Toddler boot camp
Things are doggedly unsettled and so, of course, we've simultaneously entered Toddler Boot Camp. We enjoyed a wonderful parenting class set-up awhile back, where the kiddos played in a delightful space with great supervision and the parents chatted in an attached room. It was cost-prohibitive but nice. The disequilibrium discussions there resonated, and I do believe moments of disequilibrium follow you from childhood through life. Periods of calm rock-a-bye with spans of rockiness, skills and balance are attained and so the push and growth of a new journey begins. Learning requires a degree of disequilibrium. This is ever-present at two, and as a parent too.
I wear my teeth down in my sleep, periodically. I'm supposed to use a bite guard, but lately I feel like I need to wear it all day long as I grit my teeth and steady myself for teachable moment #847 by 9 a.m. It's all about who controls what, how much, where are the lines, when do they move, who gets to make the choice, is there a choice... I'm exhausted. Happy, lazy bath time is a cherry tomato face battle of epic proportions. Nighttime hugs are withheld, with a smirk. Two hours into our effort for nap I drudge to my bed and lay there. It's a throwing, hitting, tantrum-y mess of days and nights here lately. Out in the world he is the model of excellence in child behavior. Delightful. Charming.

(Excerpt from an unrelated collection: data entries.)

(* The quadric $\mathcal E$ is an elliptic quadric of $\mathrm{PG}(W)\cong\mathrm{PG}(3,q)$.
   Context: $q$ is a prime power. Regard $\mathbb F_{q^6}$ as a $6$-dimensional $\mathbb F_q$-vector space. Let $F(X)=X^{q^2}-X^q+X$, an $\mathbb F_q$-linear map of $\mathbb F_{q^6}$, and $W=F(\mathbb F_{q^6})=\{z\in\mathbb F_{q^6} : z+z^q=z^{q^3}+z^{q^4}\}$, a $4$-dimensional $\mathbb F_q$-subspace, so $\mathrm{PG}(W)\cong\mathrm{PG}(3,q)$ with points $\langle z\rangle=\mathbb F_q^*z$. Let $\Phi(z)=z^{q^2}z+z^{q^2}z^{q}+z^{q}z^{q^3}$; for $z\in W$ one has $\Phi(z)\in\mathbb F_q$ and $\Phi$ is a quadratic form on $W$; $\mathcal E=\{\langle z\rangle\in\mathrm{PG}(W):\Phi(z)=0\}$. *)

theory Defs
  imports "HOL-Computational_Algebra.Primes"
begin

definition subfield_q :: "nat \<Rightarrow> ('a::field) set" where
  "subfield_q q = {x. x ^ q = x}"

definition is_subspace :: "'a::field set \<Rightarrow> 'a set \<Rightarrow> bool" where
  "is_subspace K V \<longleftrightarrow> 0 \<in> V \<and> (\<forall>u\<in>V. \<forall>v\<in>V. u + v \<in> V) \<and> (\<forall>c\<in>K. \<forall>v\<in>V. c * v \<in> V)"

definition lin_indep4 :: "'a::field set \<Rightarrow> 'a \<Rightarrow> 'a \<Rightarrow> 'a \<Rightarrow> 'a \<Rightarrow> bool" where
  "lin_indep4 K b0 b1 b2 b3 \<longleftrightarrow>
     (\<forall>c0\<in>K. \<forall>c1\<in>K. \<forall>c2\<in>K. \<forall>c3\<in>K.
        c0*b0 + c1*b1 + c2*b2 + c3*b3 = 0 \<longrightarrow> c0 = 0 \<and> c1 = 0 \<and> c2 = 0 \<and> c3 = 0)"

definition dim4_subspace :: "'a::field set \<Rightarrow> 'a set \<Rightarrow> bool" where
  "dim4_subspace K V \<longleftrightarrow> is_subspace K V \<and>
     (\<exists>b0\<in>V. \<exists>b1\<in>V. \<exists>b2\<in>V. \<exists>b3\<in>V. lin_indep4 K b0 b1 b2 b3 \<and>
        V = {c0*b0 + c1*b1 + c2*b2 + c3*b3 | c0 c1 c2 c3. c0\<in>K \<and> c1\<in>K \<and> c2\<in>K \<and> c3\<in>K})"

definition polar :: "('a::field \<Rightarrow> 'a) \<Rightarrow> 'a \<Rightarrow> 'a \<Rightarrow> 'a" where
  "polar Q u v = Q (u + v) - Q u - Q v"

definition quadratic_form_on :: "'a::field set \<Rightarrow> 'a set \<Rightarrow> ('a \<Rightarrow> 'a) \<Rightarrow> bool" where
  "quadratic_form_on K V Q \<longleftrightarrow>
     (\<forall>v\<in>V. Q v \<in> K) \<and>
     (\<forall>c\<in>K. \<forall>v\<in>V. Q (c * v) = c^2 * Q v) \<and>
     (\<forall>u\<in>V. \<forall>u'\<in>V. \<forall>v\<in>V. polar Q (u + u') v = polar Q u v + polar Q u' v) \<and>
     (\<forall>c\<in>K. \<forall>u\<in>V. \<forall>v\<in>V. polar Q (c * u) v = c * polar Q u v)"

definition nonsingular_qf :: "'a::field set \<Rightarrow> ('a \<Rightarrow> 'a) \<Rightarrow> bool" where
  "nonsingular_qf V Q \<longleftrightarrow>
     (\<forall>v\<in>V. v \<noteq> 0 \<and> Q v = 0 \<and> (\<forall>w\<in>V. polar Q v w = 0) \<longrightarrow> False)"

definition contains_no_line :: "'a::field set \<Rightarrow> 'a set \<Rightarrow> ('a \<Rightarrow> 'a) \<Rightarrow> bool" where
  "contains_no_line K V Q \<longleftrightarrow>
     (\<forall>u\<in>V. \<forall>v\<in>V. (\<forall>a\<in>K. \<forall>b\<in>K. a*u + b*v = 0 \<longrightarrow> a = 0 \<and> b = 0) \<longrightarrow>
        \<not> (\<forall>a\<in>K. \<forall>b\<in>K. Q (a*u + b*v) = 0))"
lemma sum_parity_sign_f2dot:
  assumes c: "c < 2^n"
  shows "(\<Sum>x<2^n. parity_sign (f2dot n x c)) = (if c = 0 then 2^n else 0)"
proof (cases "c = 0")
  case True
  then show ?thesis by (simp add: parity_sign_def)
next
  case False
  then obtain j where bj: "bit c j" using bit_eq_iff[of c 0] by auto
  then have j: "j < n" using c by (rule bit_imp_less_of_less_exp)
  let ?s = "\<lambda>x. parity_sign (f2dot n x c)"
  txt \<open>Translating by \<open>2^j\<close>, a bit of \<open>c\<close>, flips every sign.\<close>
  have "(\<Sum>x<2^n. ?s x) = (\<Sum>x<2^n. ?s (xor x (2^j)))"
    using j by (intro sum.reindex_bij_witness[where i = "\<lambda>x. xor x (2^j)" and j = "\<lambda>x. xor x (2^j)"])
      (auto simp: xor.assoc xor_less_exp)
  also have "\<dots> = (\<Sum>x<2^n. - ?s x)"
    by (intro sum.cong) (auto simp: f2dot_xor_left f2dot_exp_left[OF j] bj parity_sign_def)
  finally show ?thesis using False by (simp add: sum_negf)
qed

lemma index_mult_mat_sum:
  fixes A B :: "'a::comm_ring mat"
  assumes "A \<in> carrier_mat r m" "B \<in> carrier_mat m c" "i < r" "j < c"
  shows "(A * B) $$ (i,j) = (\<Sum>t<m. A $$ (i,t) * B $$ (t,j))"
  using assms by (auto simp: scalar_prod_def atLeast0LessThan intro: sum.cong)

lemma index_mat_adjoint:
  fixes A :: "complex mat"
  assumes "A \<in> carrier_mat r c" "i < c" "j < r"
  shows "mat_adjoint A $$ (i,j) = cnj (A $$ (j,i))"
  using assms by (simp add: mat_adjoint_def mat_of_rows_def conjugate_complex_def)

lemma mat_adjoint_carrier:
  fixes A :: "complex mat"
  shows "A \<in> carrier_mat r c \<Longrightarrow> mat_adjoint A \<in> carrier_mat c r"
  by (simp add: mat_adjoint_def mat_of_rows_def)

lemma pair_index_less:
  assumes "i < (d::nat)" "k < e"
  shows "i * e + k < d * e"
proof -
  have "i * e + k < (i + 1) * e" using assms by simp
  also have "\<dots> \<le> d * e" using assms by (intro mult_right_mono) auto
  finally show ?thesis .
qed

lemma sum_lessThan_mult:
  fixes f :: "nat \<Rightarrow> 'a::comm_monoid_add"
  shows "(\<Sum>r<m * d. f r) = (\<Sum>x<m. \<Sum>i<d. f (x * d + i))"
proof -
  have "(\<Sum>i<d. f (x * d + i)) = sum f {x * d..<x * d + d}" for x
    using sum.shift_bounds_nat_ivl[of f 0 "x * d" d] by (simp add: atLeast0LessThan add.commute)
  then show ?thesis by (simp add: sum.nat_group[symmetric])
qed
lemma sum_eq_0_if_permutation_scales:
  fixes w :: "'a \<Rightarrow> 'b::field"
  assumes "finite S" "\<sigma> ` S \<subseteq> S" "inj_on \<sigma> S"
    and "\<And>x. x \<in> S \<Longrightarrow> w (\<sigma> x) = z * w x" and "z \<noteq> 1"
  shows "sum w S = 0"
proof -
  have "\<sigma> ` S = S" using endo_inj_surj assms by blast
  then have "sum w S = sum (w \<circ> \<sigma>) S" using assms(3) sum.reindex by metis
  also have "\<dots> = z * sum w S" using assms(4) by (simp add: sum_distrib_left)
  finally have "(1 - z) * sum w S = 0" by (simp add: algebra_simps)
  then show ?thesis using assms(5) by simp
qed

lemma sum_card_fibres:
  fixes w :: "'b \<Rightarrow> 'c::comm_semiring_1"
  assumes "finite X" "finite A"
  shows "(\<Sum>a\<in>A. of_nat (card {x\<in>X. h x = a}) * w a) = (\<Sum>x\<in>{x\<in>X. h x \<in> A}. w (h x))"
proof -
  have "(\<Sum>x\<in>{x\<in>X. h x \<in> A}. w (h x)) = (\<Sum>a\<in>A. \<Sum>x\<in>{x\<in>{x\<in>X. h x \<in> A}. h x = a}. w (h x))"
    by (rule sum.group[symmetric]) (use assms in auto)
  also have "\<dots> = (\<Sum>a\<in>A. of_nat (card {x\<in>X. h x = a}) * w a)"
  proof (rule sum.cong[OF refl])
    fix a assume "a \<in> A"
    then have "{x\<in>{x\<in>X. h x \<in> A}. h x = a} = {x\<in>X. h x = a}" by auto
    then show "(\<Sum>x\<in>{x\<in>{x\<in>X. h x \<in> A}. h x = a}. w (h x)) = of_nat (card {x\<in>X. h x = a}) * w a"
      by simp
  qed
  finally show ?thesis by simp
qed

lemma ex_bij_lessThan_Sigma:
  fixes k N :: nat
  assumes "(\<Sum>i<k. len i) = N"
  shows "\<exists>f. bij_betw f {..<N} (SIGMA i:{..<k}. {..<len i})"
proof -
  have "card (SIGMA i:{..<k}. {..<len i}) = N" using assms by (subst card_SigmaI) auto
  then show ?thesis using finite_same_card_bij[of "{..<N}" "SIGMA i:{..<k}. {..<len i}"] by auto
qed

lemma connected_partition_fibres:
  fixes g :: "'a \<Rightarrow> nat" and V :: "'a set"
  defines "B \<equiv> \<lambda>i. {v\<in>V. g v = i}"
  assumes "\<forall>v\<in>V. g v < k" and "\<And>i. i < k \<Longrightarrow> B i \<noteq> {}"
    and "\<And>i. i < k \<Longrightarrow> connected_on E (B i)"
  shows "connected_partition V E (B ` {..<k})"
  using assms unfolding connected_partition_def by (auto simp: B_def)

lemma partition_type_fibres:
  fixes g :: "'a \<Rightarrow> nat" and V :: "'a set"
  defines "B \<equiv> \<lambda>i. {v\<in>V. g v = i}"
  assumes "\<And>i. i < k \<Longrightarrow> B i \<noteq> {}" and "\<And>i. i < k \<Longrightarrow> card (B i) = len i"
  shows "partition_type (B ` {..<k}) = image_mset len (mset_set {..<k})"
proof -
  have "inj_on B {..<k}"
  proof (rule inj_onI)
    fix i j assume "i \<in> {..<k}" "j \<in> {..<k}" "B i = B j"
    then obtain u where "u \<in> B i" "u \<in> B j" using assms(2) by blast
    then show "i = j" by (auto simp: B_def)
  qed
  then have "partition_type (B ` {..<k}) = image_mset card (image_mset B (mset_set {..<k}))"
    unfolding partition_type_def by (simp add: image_mset_mset_set)
  also have "\<dots> = image_mset len (mset_set {..<k})"
    by (simp add: multiset.map_comp) (rule image_mset_cong, auto simp: assms(3))
  finally show ?thesis .
qed

section \<open>Twisted evaluation of monomial coefficients\<close>

text \<open>The \<open>N\<close> colours (variables) are arranged by \<open>f\<close> into \<open>k\<close> groups, group \<open>i\<close>
  having \<open>len i\<close> slots, and the colour in slot \<open>p\<close> of group \<open>i\<close> gets the weight \<open>\<omega>\<^sup>p\<close>,
  \<open>\<omega>\<close> a primitive \<open>len i\<close>-th root of unity. \<open>twisted_eval h\<close> evaluates \<open>\<Sum>\<^sub>\<alpha> h \<alpha> x\<^sup>\<alpha>\<close>
  at these weights, keeping only the monomials of degree \<open>len i\<close> in each group.\<close>

locale colour_layout =
  fixes N k :: nat and len :: "nat \<Rightarrow> nat" and f :: "nat \<Rightarrow> nat \<times> nat"
  assumes layout_bij: "bij_betw f {..<N} (SIGMA i:{..<k}. {..<len i})"
    and len_pos: "\<And>i. i < k \<Longrightarrow> len i > 0"
begin

definition group_of :: "nat \<Rightarrow> nat" where
  "group_of c = fst (f c)"

definition position :: "nat \<Rightarrow> nat" where
  "position c = snd (f c)"

definition colour_group :: "nat \<Rightarrow> nat set" where
  "colour_group i = {c\<in>{..<N}. group_of c = i}"

definition weight :: "nat \<Rightarrow> complex" where
  "weight c = unit_root (len (group_of c)) ^ position c"

definition colour_at :: "nat \<times> nat \<Rightarrow> nat" where
  "colour_at = inv_into {..<N} f"

definition rotate :: "nat \<Rightarrow> nat \<Rightarrow> nat" where
  "rotate i c = (if c < N \<and> group_of c = i then colour_at (i, Suc (position c) mod len i) else c)"

definition admissible :: "(nat \<Rightarrow> nat) set" where
  "admissible = {\<alpha>. (\<forall>c. N \<le> c \<longrightarrow> \<alpha> c = 0) \<and> (\<forall>i<k. sum \<alpha> (colour_group i) = len i)}"

definition monomial_weight :: "(nat \<Rightarrow> nat) \<Rightarrow> complex" where
  "monomial_weight \<alpha> = (\<Prod>c<N. weight c ^ \<alpha> c)"

definition twisted_eval :: "((nat \<Rightarrow> nat) \<Rightarrow> real) \<Rightarrow> complex" where
  "twisted_eval h = (\<Sum>\<alpha>\<in>admissible. of_real (h \<alpha>) * monomial_weight \<alpha>)"

lemma layout_mem: "c < N \<Longrightarrow> f c \<in> (SIGMA i:{..<k}. {..<len i})"
  using layout_bij by (auto simp: bij_betw_def)

lemma group_of_less: "c < N \<Longrightarrow> group_of c < k"
  using layout_mem[of c] by (auto simp: group_of_def)

lemma position_less: "c < N \<Longrightarrow> position c < len (group_of c)"
  using layout_mem[of c] by (auto simp: group_of_def position_def)

lemma colour_at_inverse:
  "p \<in> (SIGMA i:{..<k}. {..<len i}) \<Longrightarrow> colour_at p < N \<and> f (colour_at p) = p"
  using layout_bij unfolding colour_at_def bij_betw_def
  by (metis f_inv_into_f inv_into_into lessThan_iff)

lemma layout_inj: "c < N \<Longrightarrow> c' < N \<Longrightarrow> f c = f c' \<Longrightarrow> c = c'"
  using layout_bij by (auto simp: bij_betw_def inj_on_def)

lemma colour_group_subset: "colour_group i \<subseteq> {..<N}"
  by (auto simp: colour_group_def)

lemma finite_colour_group: "finite (colour_group i)"
  using finite_subset[OF colour_group_subset] by simp

lemma mem_colour_group: "c < N \<Longrightarrow> c \<in> colour_group (group_of c)"
  by (auto simp: colour_group_def)

lemma colour_group_disjoint: "i \<noteq> j \<Longrightarrow> colour_group i \<inter> colour_group j = {}"
  by (auto simp: colour_group_def)

lemma eq_if_same_group_position:
  "x \<in> colour_group i \<Longrightarrow> y \<in> colour_group i \<Longrightarrow> position x = position y \<Longrightarrow> x = y"
  by (rule layout_inj) (auto simp: colour_group_def position_def group_of_def intro: prod_eqI)

lemma card_colour_group:
  assumes "i < k" shows "card (colour_group i) = len i"
proof -
  have "position ` colour_group i = {..<len i}"
  proof
    show "position ` colour_group i \<subseteq> {..<len i}"
      using position_less by (auto simp: colour_group_def)
    show "{..<len i} \<subseteq> position ` colour_group i"
    proof
      fix j assume "j \<in> {..<len i}"
      then have "(i, j) \<in> (SIGMA i:{..<k}. {..<len i})" using assms by auto
      from colour_at_inverse[OF this]
      have "colour_at (i, j) \<in> colour_group i" "position (colour_at (i, j)) = j"
        by (auto simp: colour_group_def group_of_def position_def)
      then show "j \<in> position ` colour_group i" by (metis imageI)
    qed
  qed
  moreover have "inj_on position (colour_group i)"
    using eq_if_same_group_position by (blast intro: inj_onI)
  ultimately show ?thesis by (metis card_image card_lessThan)
qed

lemma len_le_N: "i < k \<Longrightarrow> len i \<le> N"
  using card_colour_group[of i] colour_group_subset card_mono[of "{..<N}" "colour_group i"] by auto

lemma rotate_colour_group:
  assumes "c \<in> colour_group i"
  shows "rotate i c \<in> colour_group i" and "position (rotate i c) = Suc (position c) mod len i"
proof -
  have c: "c < N" "group_of c = i" using assms by (auto simp: colour_group_def)
  then have "i < k" using group_of_less by auto
  then have "(i, Suc (position c) mod len i) \<in> (SIGMA i:{..<k}. {..<len i})"
    using len_pos by auto
  from colour_at_inverse[OF this] c
  show "rotate i c \<in> colour_group i" "position (rotate i c) = Suc (position c) mod len i"
    by (auto simp: rotate_def colour_group_def group_of_def position_def)
qed

lemma inj_on_rotate: "inj_on (rotate i) (colour_group i)"
proof (rule inj_onI)
  fix x y assume xy: "x \<in> colour_group i" "y \<in> colour_group i" "rotate i x = rotate i y"
  then have "position x < len i" "position y < len i"
    using position_less[of x] position_less[of y] by (auto simp: colour_group_def)
  moreover have "Suc (position x) mod len i = Suc (position y) mod len i"
    using rotate_colour_group(2)[OF xy(1)] rotate_colour_group(2)[OF xy(2)] xy(3) by simp
  ultimately have "position x = position y"
    by (cases "Suc (position x) = len i"; cases "Suc (position y) = len i") auto
  then show "x = y" using eq_if_same_group_position xy(1,2) by blast
qed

I remind myself that this is exactly what he's supposed to do, albeit with more dramatic flair than one might generally muster. This is exactly what I'm supposed to do too, to help him feel safe. The other week when he ran to his room disgruntled and slammed the door (never, ever modeled, by the way), the moment should have come with lightening bolts of foreboding. A teenager would keep the door closed for awhile and zone out to an iPod, but a two-and-a-half year old comes back with determined persistence. So I grit, and admire the zeal if not the delivery. Somewhere a thought trips along: the things you find especially annoying and trying are the things within you too.
We stirred the beginnings of weekly banana bread yesterday and he looked up at me, chef's hat and apron poised just so, and said, "Me lub me Mama" for the very first time ever. Swoon. I keep defining the boundaries and he keeps pushing them and it's just beginning. Maybe what my defined parameters need is something to toss them around a bit, for growth and all. Toddler Boot Camp is, in any given moment, me doing the push-ups or me barking: "Lights out."
I want a "frolic through the little daisy-covered meadows"-type of a picnic-y series of days, not a dust billowing, barbed wire, marching sort-of slop thing. I'm all for a bit of compromise; we could march through the meadow, you know. I'm ready for him to share a little lub.